### Problem description
An exact copy of the entries below is the expected answer.

□ □ □ □ □

(* For every integer $d\ge 1$ there is a constant $c_d>0$ such that the following holds. Let $p\ge q\ge d+1$ be integers and let $\mathcal F$ be a family of $n\ge 2p$ compact convex sets in $\mathbb R^d$ satisfying the $(p,q)$-property. Then there is a point of $\mathbb R^d$ contained in at least $c_d\,\dfrac{q\,n}{p^{\frac{q-1}{q-d}}}$ members of $\mathcal F$.
   Context: A family $\mathcal F$ of sets satisfies the $(p,q)$-property if $|\mathcal F|\ge p$, no member is empty, and among any $p$ members there are $q$ with a common point. *)

theory Defs
  imports "HOL-Analysis.Analysis"
begin

definition pq_property :: "nat \<Rightarrow> nat \<Rightarrow> 'a set set \<Rightarrow> bool" where
  "pq_property p q F \<longleftrightarrow>
     card F \<ge> p \<and> finite F \<and> {} \<notin> F \<and>
     (\<forall>S\<subseteq>F. card S = p \<longrightarrow> (\<exists>T\<subseteq>S. card T = q \<and> \<Inter>T \<noteq> {}))"

end

theory Submission
  imports Defs
begin

text \<open>
  Let \<open>D\<close> be the maximal depth of the family, \<open>d\<close> the dimension and \<open>k = q - d\<close>.
  By a Helly argument, every intersecting \<open>q\<close>-subfamily \<open>\<T>\<close> contains \<open>d\<close> members
  whose intersection has its point closest to the origin inside \<open>\<Inter>\<T>\<close>; so \<open>\<T>\<close> is
  determined by these \<open>d\<close> sets and by \<open>k\<close> sets through that point, and there are at
  most \<open>C(n,d) C(D,k)\<close> intersecting \<open>q\<close>-subfamilies. On the other hand the \<open>(p,q)\<close>-property
  forces at least \<open>p/q\<close> of them inside every \<open>2p\<close>-subfamily, and double counting gives
  at least \<open>p C(n,2p) / (q C(n-q,2p-q))\<close> of them. Comparing the two bounds and estimating
  the binomial coefficients yields \<open>D \<ge> c\<^sub>d q n / p\<^bsup>(q-1)/k\<^esup>\<close>.
\<close>

section \<open>Closest points of intersections\<close>

lemma Helly_Inter_meets:
  fixes \<I> :: "'a::euclidean_space set set"
  assumes fin: "finite \<I>" and convex: "\<forall>K\<in>\<I>. convex K" "convex C"
    and big: "DIM('a) + 1 \<le> card \<I>" and ne: "\<Inter>\<I> \<noteq> {}"
    and meets: "\<And>K. K \<in> \<I> \<Longrightarrow> C \<inter> \<Inter>(\<I> - {K}) \<noteq> {}"
  shows "C \<inter> \<Inter>\<I> \<noteq> {}"
proof (cases "C \<in> \<I>")
  case True
  then show ?thesis
    using ne by blast
next
  case False
  then have card_insert: "card (insert C \<I>) = card \<I> + 1"
    using fin by simp
  have "\<Inter>(insert C \<I>) \<noteq> {}"
  proof (rule Helly)
    show "DIM('a) + 1 \<le> card (insert C \<I>)"
      using card_insert big by simp
    show "\<forall>S\<in>insert C \<I>. convex S"
      using convex by blast
  next
    fix \<T> assume \<T>: "\<T> \<subseteq> insert C \<I>" "card \<T> = DIM('a) + 1"
    then have "\<T> \<noteq> insert C \<I>"
      using card_insert big by auto
    then obtain G where G: "G \<in> insert C \<I>" "G \<notin> \<T>"
      using \<T>(1) by blast
    show "\<Inter>\<T> \<noteq> {}"
    proof (cases "G = C")
      case True
      then have "\<T> \<subseteq> \<I>"
        using \<T>(1) G(2) by blast
      then show ?thesis
        using ne by blast
    next
      case False
      then have "G \<in> \<I>" "C \<inter> \<Inter>(\<I> - {G}) \<subseteq> \<Inter>\<T>"
        using \<T>(1) G by blast+
      then show ?thesis
        using meets by blast
    qed
  qed
  then show ?thesis
    by simp
qed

□ □ □ □ □

### Response
(* For every integer $d\ge 1$ there is a constant $c_d>0$ such that the following holds. Let $p\ge q\ge d+1$ be integers and let $\mathcal F$ be a family of $n\ge 2p$ compact convex sets in $\mathbb R^d$ satisfying the $(p,q)$-property. Then there is a point of $\mathbb R^d$ contained in at least $c_d\,\dfrac{q\,n}{p^{\frac{q-1}{q-d}}}$ members of $\mathcal F$.
   Context: A family $\mathcal F$ of sets satisfies the $(p,q)$-property if $|\mathcal F|\ge p$, no member is empty, and among any $p$ members there are $q$ with a common point. *)

theory Defs
  imports "HOL-Analysis.Analysis"
begin

definition pq_property :: "nat \<Rightarrow> nat \<Rightarrow> 'a set set \<Rightarrow> bool" where
  "pq_property p q F \<longleftrightarrow>
     card F \<ge> p \<and> finite F \<and> {} \<notin> F \<and>
     (\<forall>S\<subseteq>F. card S = p \<longrightarrow> (\<exists>T\<subseteq>S. card T = q \<and> \<Inter>T \<noteq> {}))"

end

theory Submission
  imports Defs
begin

text \<open>
  Let \<open>D\<close> be the maximal depth of the family, \<open>d\<close> the dimension and \<open>k = q - d\<close>.
  By a Helly argument, every intersecting \<open>q\<close>-subfamily \<open>\<T>\<close> contains \<open>d\<close> members
  whose intersection has its point closest to the origin inside \<open>\<Inter>\<T>\<close>; so \<open>\<T>\<close> is
  determined by these \<open>d\<close> sets and by \<open>k\<close> sets through that point, and there are at
  most \<open>C(n,d) C(D,k)\<close> intersecting \<open>q\<close>-subfamilies. On the other hand the \<open>(p,q)\<close>-property
  forces at least \<open>p/q\<close> of them inside every \<open>2p\<close>-subfamily, and double counting gives
  at least \<open>p C(n,2p) / (q C(n-q,2p-q))\<close> of them. Comparing the two bounds and estimating
  the binomial coefficients yields \<open>D \<ge> c\<^sub>d q n / p\<^bsup>(q-1)/k\<^esup>\<close>.
\<close>

section \<open>Closest points of intersections\<close>

lemma Helly_Inter_meets:
  fixes \<I> :: "'a::euclidean_space set set"
  assumes fin: "finite \<I>" and convex: "\<forall>K\<in>\<I>. convex K" "convex C"
    and big: "DIM('a) + 1 \<le> card \<I>" and ne: "\<Inter>\<I> \<noteq> {}"
    and meets: "\<And>K. K \<in> \<I> \<Longrightarrow> C \<inter> \<Inter>(\<I> - {K}) \<noteq> {}"
  shows "C \<inter> \<Inter>\<I> \<noteq> {}"
proof (cases "C \<in> \<I>")
  case True
  then show ?thesis
    using ne by blast
next
  case False
  then have card_insert: "card (insert C \<I>) = card \<I> + 1"
    using fin by simp
  have "\<Inter>(insert C \<I>) \<noteq> {}"
  proof (rule Helly)
    show "DIM('a) + 1 \<le> card (insert C \<I>)"
      using card_insert big by simp
    show "\<forall>S\<in>insert C \<I>. convex S"
      using convex by blast
  next
    fix \<T> assume \<T>: "\<T> \<subseteq> insert C \<I>" "card \<T> = DIM('a) + 1"
    then have "\<T> \<noteq> insert C \<I>"
      using card_insert big by auto
    then obtain G where G: "G \<in> insert C \<I>" "G \<notin> \<T>"
      using \<T>(1) by blast
    show "\<Inter>\<T> \<noteq> {}"
    proof (cases "G = C")
      case True
      then have "\<T> \<subseteq> \<I>"
        using \<T>(1) G(2) by blast
      then show ?thesis
        using ne by blast
    next
      case False
      then have "G \<in> \<I>" "C \<inter> \<Inter>(\<I> - {G}) \<subseteq> \<Inter>\<T>"
        using \<T>(1) G by blast+
      then show ?thesis
        using meets by blast
    qed
  qed
  then show ?thesis
    by simp
qed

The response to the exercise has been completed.